Oil prices jumped on Wednesday, rebounding from a bad Tuesday, which many thought spelled the end of the recovery.
West Texas Intermediate (WTI) Crude oil was at $38.91 (£26.95) as of 8:25 AM GMT, up 2.4% from a low of $37.99 the evening before.
Brent crude oil managed to go above the $40 mark at $40.38 (£27.97), up 2.3% from $39.54 16 hours ago.
The rebound is being put down to the Asian markets, who were pleased with a less than expected build in crude oil stockpiles according to Reuters.
It seems the industry is also waiting to see just how much stockpiles have built up.

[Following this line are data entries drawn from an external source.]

theorem mainTheorem3:
  fixes \<epsilon> :: real
  assumes "\<epsilon> > 0"
  shows "\<exists>C>0. \<exists>c>0. \<exists>n0::nat. \<forall>(d::nat) (V::nat set) (E::nat \<Rightarrow> nat \<Rightarrow> bool) (p::real) (I0::nat set).
    d \<ge> 2 \<and> finite V \<and> card V \<ge> n0
    \<and> (\<forall>u v. E u v \<longrightarrow> u \<in> V \<and> v \<in> V \<and> u \<noteq> v \<and> E v u)
    \<and> (\<forall>v\<in>V. card {u \<in> V. E v u} \<le> d)
    \<and> 0 \<le> p \<and> p < (1 - \<epsilon>) / (real d - 1)
    \<and> I0 \<subseteq> V \<and> I0 \<noteq> {}
    \<longrightarrow> measure_pmf.prob (rf_state E V p I0 (nat \<lfloor>C * ln (real (card V))\<rfloor>))
          {(I, R). I = {} \<and> real (card (I \<union> R)) \<le> C * real (card I0) * ln (real (card V))}
        \<ge> 1 - real (card V) powr (- c)"
proof -
  define e where "e = min \<epsilon> 1"
  have e: "0 < e" "e \<le> 1" "e \<le> \<epsilon>" using assms by (auto simp: e_def)
  obtain \<alpha> \<beta> where \<alpha>\<beta>: "0 < \<alpha>" "0 \<le> \<beta>" "\<alpha> + (1 - e) * (exp \<beta> - 1) \<le> \<beta>"
    using potential_parameters_exist[OF e(1,2)] by blast
  define C where "C = 5 / e + 2 / \<alpha>"
  have "e * C = 5 + 2 * e / \<alpha>" "\<alpha> * C = 5 * \<alpha> / e + 2"
    using e(1) \<alpha>\<beta>(1) by (simp_all add: C_def distrib_left)
  moreover have "0 < C" unfolding C_def using e(1) \<alpha>\<beta>(1) by (intro add_pos_pos divide_pos_pos) auto
  ultimately have C: "0 < C" "5 \<le> e * C" "2 \<le> \<alpha> * C"
    using e(1) \<alpha>\<beta>(1) by simp_all
  define n0 where "n0 = nat \<lceil>exp (max (\<alpha> + 2 * (exp \<beta> - 1)) 1)\<rceil> + 4"
  have instance_bound: "1 - real (card V) powr (- (1 / 2)) \<le> measure_pmf.prob (rf_state E V p I0 (nat \<lfloor>C * ln (real (card V))\<rfloor>))
      {(I, R). I = {} \<and> real (card (I \<union> R)) \<le> C * real (card I0) * ln (real (card V))}"
    if "d \<ge> 2" "finite V" "card V \<ge> n0" "\<forall>u v. E u v \<longrightarrow> u \<in> V \<and> v \<in> V \<and> u \<noteq> v \<and> E v u"
      "\<forall>v\<in>V. card {u \<in> V. E v u} \<le> d" "0 \<le> p" "p < (1 - \<epsilon>) / (real d - 1)" "I0 \<subseteq> V" "I0 \<noteq> {}"
    for d V E p I0
  proof -
    interpret reed_frost E V p I0 d e
      using that e pred_mult_le_of_less_divide by unfold_locales auto
    show ?thesis
      using prob_extinct_with_small_outbreak_ge[OF \<alpha>\<beta>(2,1,3) C(2,3)] le_ln_of_ceiling_exp_le[OF that(3)[unfolded n0_def]] that(9)
      by simp
  qed
  show ?thesis
    apply (rule exI[where x = C], rule conjI[OF C(1)])
    apply (rule exI[where x = "1 / 2"], rule conjI, simp)
    apply (rule exI[where x = n0], intro allI impI, elim conjE)
    by (rule instance_bound)
qed

end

“There’s a little bit of steadying in oil prices in the Asian time zone. The predominant attitude is one of wait-and-see until the Energy Information Administration [EIA] inventory figures come out,” said Ric Spooner, chief market analyst at Sydney’s CMC Markets.
This means the price rebound may not last for long, as the EIA figures are expected to show a 3.3 million barrel buildup, a record high for the seventh straight week.
This chart shows the small rise of WTI crude oil on Wednesday morning:
Brent crude oil also rose at a similar rate, though it currently stands at a higher price:
Meanwhile, CNBC reports that the oversupply issue could get worse as Kuwait and Saudi Arabia said on Tuesday that they would
resume production at the jointly operated Khafji field, which had been producing between 280,000 and 300,000 barrels per day back in 2014.
OPEC and other major oil suppliers, including Russia, are due to meet in Qatar on April 17 to discuss the oversupply crisis and potential price freezes.